Autism: The Mother of Invention
by Pamela Mari
I guess I shouldn't complain. My son with autism doesn't ask for $200 sneakers. He doesn't ask for $500 gaming systems. I don't have to listen to him lamenting about the fact that he doesn't have the latest cell phone or computer game. His requests are relatively simple with one exception. He usually asks for things that "don't exist".
By this I mean he asks for things that he sees in videos. He obsesses about creations that no toy maker in the world gives a darn about and certainly isn't going to put into production.
In so wanting to give him what he desires I have become a creator of the un-purchasable. My Mom used to tell me
"necessity is the mother of invention".
NECESSITY IS THE MOTHER OF INVENTION:
proverb has been defined as– when the need for something becomes imperative, you are forced to find ways of getting or achieving it.[3
Very true at our house.
One example. Joey likes to watch Winnie The Pooh. There is an episode in which Tigger pretends to be "The Masked Defender" (or Offender, as I think Joey sometimes calls him). Tigger takes on the persona of Zorro and does battle with a runaway bale of hay sporting all types of junk that it acquires as it runs through the Hundred Acre Wood.
The intro to the cartoon mentions Piglet's new "stinky sidekick", which of course is the yucky bale of hay monster. Joey hears this as "stinky inside kick". So for years now he's been bugging me to build a "stinky inside kick". I've been putting him off for years. But this year I felt he'd waited long enough. I promised him we would make it at Halloween. We went to the local pumpkin and flower mart and bought a small bale of hay. But shortly thereafter he developed a case of conjunctivitis, which in our house are deadly words so I thought perhaps it better to not use an allergy laden mess of hay. I chose a cardboard box. This stinky inside kick had arms, supposed to be a garden tool and a plunger. I used a potatoe masher and a turkey baster. It needed a belt and sneakers. Belt made out of yarn and sneakers fashioned out of cardboard. But the real catch was it was supposed to drive wildly on a wagon. We have no wagon. So we used an office chair on wheels. The googly 3-D eyes were made of the bottoms of take out soda cups. Joey dressed himself as "The Masked Offender" by using a bathrobe, a belt, an old cowboy hat and winter gloves. He was ready to defeat the "stinky inside kick".

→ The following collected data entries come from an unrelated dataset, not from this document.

(* Let $\Gamma$ be a finite undirected graph with clique number three, in which any two adjacent vertices, and any two vertices at distance two, have exactly two common neighbors. Then $G_{aut}^+(\Gamma)=G_{aut}^*(\Gamma)$.
   Context: $\Gamma=(V,E)$ is a finite simple undirected graph, $V=\{1,\dots,n\}$. The clique number is the maximal size of a set of pairwise adjacent vertices. $C(G_{aut}^+(\Gamma))$ is the universal unital $C^*$-algebra generated by $u_{ij}$, $1\le i,j\le n$, with relations: (R1) $u_{ij}=u_{ij}^*=u_{ij}^2$; (R2) $\sum_{l} u_{il}=1=\sum_{l} u_{li}$ for all $i$; (R3) $u_{ij}u_{kl}=u_{kl}u_{ij}=0$ whenever exactly one of $(i,k)\in E$, $(j,l)\in E$ holds. "$G_{aut}^+(\Gamma)=G_{aut}^*(\Gamma)$" means $u_{ij}u_{kl}=u_{kl}u_{ij}$ holds in $C(G_{aut}^+(\Gamma))$ for all $(i,k)\in E$, $(j,l)\in E$. *)

theory Defs
  imports "HOL-Analysis.Analysis"
begin

text \<open>Unital complex C*-algebra structure on a type 'a: 'a is a real Banach algebra with
unit (norm 1 = 1), together with a complex scalar multiplication sc extending scaleR and an
involution st satisfying the C*-identity.\<close>

definition cstar_algebra ::
  "(complex \<Rightarrow> 'a::{real_normed_algebra_1,banach} \<Rightarrow> 'a) \<Rightarrow> ('a \<Rightarrow> 'a) \<Rightarrow> bool" where
  "cstar_algebra sc st \<longleftrightarrow>
     (\<forall>r x. sc (complex_of_real r) x = scaleR r x) \<and>
     (\<forall>c d x. sc (c * d) x = sc c (sc d x)) \<and>
     (\<forall>c x y. sc c (x + y) = sc c x + sc c y) \<and>
     (\<forall>c d x. sc (c + d) x = sc c x + sc d x) \<and>
     (\<forall>c x y. sc c (x * y) = sc c x * y \<and> sc c (x * y) = x * sc c y) \<and>
     (\<forall>c x. norm (sc c x) = cmod c * norm x) \<and>
     (\<forall>x y. st (x + y) = st x + st y) \<and>
     (\<forall>c x. st (sc c x) = sc (cnj c) (st x)) \<and>
     (\<forall>x y. st (x * y) = st y * st x) \<and>
     (\<forall>x. st (st x) = x) \<and>
     (\<forall>x. norm (st x * x) = (norm x)\<^sup>2)"
lemma approximate_lift_of_W2_eq_dist:
  fixes mX :: "'a::polish_space measure" and mY :: "'b::polish_space measure"
  assumes mX: "mm_space mX" and mY: "mm_space mY"
    and lip: "\<forall>x x'. dist (p x) (p x') \<le> dist x x'"
    and dis: "disintegration mX mY p \<mu>"
    and "\<Omega> \<in> sets borel" and "emeasure mY (UNIV - \<Omega>) = 0"
    and W: "\<forall>y\<in>\<Omega>. \<forall>y'\<in>\<Omega>. W2 (\<mu> y) (\<mu> y') = ennreal (dist y y')"
    and "e > 0"
  shows "\<exists>x'. dist x x' < dist (p x) y' + e \<and> dist (p x') y' < e"
proof -
  define \<epsilon> where "\<epsilon> = e / 4"
  have "\<epsilon> > 0" using \<open>e > 0\<close> by (simp add: \<epsilon>_def)
  have cont: "continuous_on UNIV p" using lip by (rule nonexpansive_continuous_on)
  have sets_X: "sets mX = sets borel" and sets_Y: "sets mY = sets borel"
    using mX mY by (auto simp: mm_space_def)
  have space_X: "space mX = UNIV" and space_Y: "space mY = UNIV"
    using sets_eq_imp_space_eq[OF sets_X] sets_eq_imp_space_eq[OF sets_Y] by simp_all
  have kernel: "prob_space (\<mu> y)" "sets (\<mu> y) = sets borel" for y
    using dis space_Y sets_X by (auto simp: disintegration_def)
  define good where "good y \<longleftrightarrow> y \<in> \<Omega> \<and> emeasure (\<mu> y) (UNIV - p -` {y}) = 0" for y
  have "AE y in mY. good y"
  proof -
    have "AE y in mY. emeasure (\<mu> y) (UNIV - p -` {y}) = 0"
      using dis space_X by (simp add: disintegration_def)
    moreover have "AE y in mY. y \<in> \<Omega>"
      by (rule AE_I'[of "UNIV - \<Omega>"]) (use assms(5,6) sets_Y space_Y in auto)
    ultimately show ?thesis unfolding good_def by eventually_elim auto
  qed
  then obtain y where y: "good y" and y_ball: "emeasure (\<mu> y) (ball x \<epsilon>) > 0"
    using disintegration_charges_ball[OF mX dis _ \<open>\<epsilon> > 0\<close>] by blast
  have "p -` {y} \<in> sets (\<mu> y)" using kernel(2) cont by (simp add: closed_vimage borel_closed)
  then have "ball x \<epsilon> \<inter> p -` {y} \<noteq> {}"
    using y y_ball sets_eq_imp_space_eq[OF kernel(2)]
    by (intro emeasure_pos_meets_conull[OF y_ball]) (auto simp: good_def)
  then obtain x1 where "x1 \<in> ball x \<epsilon>" "p x1 = y" by blast
  then have y_near: "dist (p x) y < \<epsilon>" using lip by (metis le_less_trans mem_ball)
  obtain y2 where y2: "good y2" and y2_near: "dist y2 y' < \<epsilon>"
    using mm_space_AE_dense[OF mY \<open>AE y in mY. good y\<close> \<open>\<epsilon> > 0\<close>] by blast
  have "\<exists>z1 x2. z1 \<in> ball x \<epsilon> \<and> p x2 = y2 \<and> (dist z1 x2)\<^sup>2 < (dist y y2)\<^sup>2 + \<epsilon>\<^sup>2"
    by (rule W2_eq_dist_near_pair[OF lip cont kernel(1)])
      (use y y2 W y_ball \<open>\<epsilon> > 0\<close> in \<open>auto simp: good_def\<close>)
  then obtain z1 x2 where z1: "dist x z1 < \<epsilon>" and x2: "p x2 = y2"
    and z1_x2: "(dist z1 x2)\<^sup>2 < (dist y y2)\<^sup>2 + \<epsilon>\<^sup>2"
    by auto
  have "(dist y y2)\<^sup>2 + \<epsilon>\<^sup>2 \<le> (dist y y2 + \<epsilon>)\<^sup>2" using \<open>\<epsilon> > 0\<close> by (simp add: power2_sum)
  with z1_x2 have "(dist z1 x2)\<^sup>2 < (dist y y2 + \<epsilon>)\<^sup>2" by linarith
  then have "dist z1 x2 < dist y y2 + \<epsilon>"
    by (rule power_less_imp_less_base) (use \<open>\<epsilon> > 0\<close> in simp)
  moreover have "dist y y2 \<le> dist y (p x) + dist (p x) y' + dist y' y2"
    using dist_triangle[of y y2 "p x"] dist_triangle[of "p x" y2 y'] by linarith
  ultimately have "dist x x2 < dist (p x) y' + e"
    using dist_triangle[of x x2 z1] z1 y_near y2_near dist_commute[of y "p x"] dist_commute[of y' y2]
    unfolding \<epsilon>_def by linarith
  moreover have "dist (p x2) y' < e"
    using y2_near zero_le_dist[of y2 y'] unfolding x2 \<epsilon>_def by linarith
  ultimately show ?thesis by blast
qed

A more recent "invention" challenge was presented to me this week. In the movie "Lilo and Stitch: The Movie", Lilo and Stitch the alien, reanimate evil experiments like himself, by using a machine that utters: "Container ready", "Experiment 625 activated". The machine dispenses a small ball which they then drop in the bathtub and an evil experiment creature is created. I knew my son would not settle for my voice saying the computerized sounding voice, so I took my Iphone and recorded the segments from the movie. Now, to create a machine. Humm, I went to Radio Shack and got a small bluetooth speaker shaped like a can. I could then transmit the recorded lines to the speaker. But now, what to use for the experiment "pods". I got sour balls, the round candies, in the loose candy aisle at the supermarket. I only grabbed a handful because I don't particularly like "sour balls" and didn't want to be stuck with a lot of them after the activity. WRONG!!! Half way through the acting out of this scene I ran out of sour balls, I had to dig them out of the water and try to salvage them to be re-inserted in the water bath. Note to self: Next time buy enough "experiment pods". Nonetheless, he was pleased to hear the sound coming out of the speaker and it was successful.
And last but not least how could we forget the day Spongebob, Mr. Krabs, Squidward and Patrick venture onto "dry land" in a challenge issued by their friend "Sandy Cheeks" the Squirrel. This video scene shows the aforementioned characters taking on the form of puppets, on sticks as they blast out of the sea and onto dry land. This meant I had to create a Spongebob, Patrick Starfish, Squidward, Mr. Krabs and Sandy all in "puppet on a stick" format. Spongebob, Patrick and Squidward were all carved out of household cleaning sponges. Mr. Krabs was purchased in the seafood aisle of the supermarket, a real steamed crab. And dear Sandy Cheeks was last. She was shown as a real "hand puppet" in the video. I called the toy store in our town known for horribly expensive but rare and unusual toys. "Do you have a squirrel hand puppet?" "Ok, I'll be right over". After scoring Sandy at the toy store I brought her home to try to construct a "diving helmet" which she wears in Spongebob because she obviously is not a water creature, so she needs air. I cut the bottom off a spring water bottle and it fit her head just right. So now my son was able to play out all the characters just as they are shown in the video.
I'm so happy he's not into Spiderman!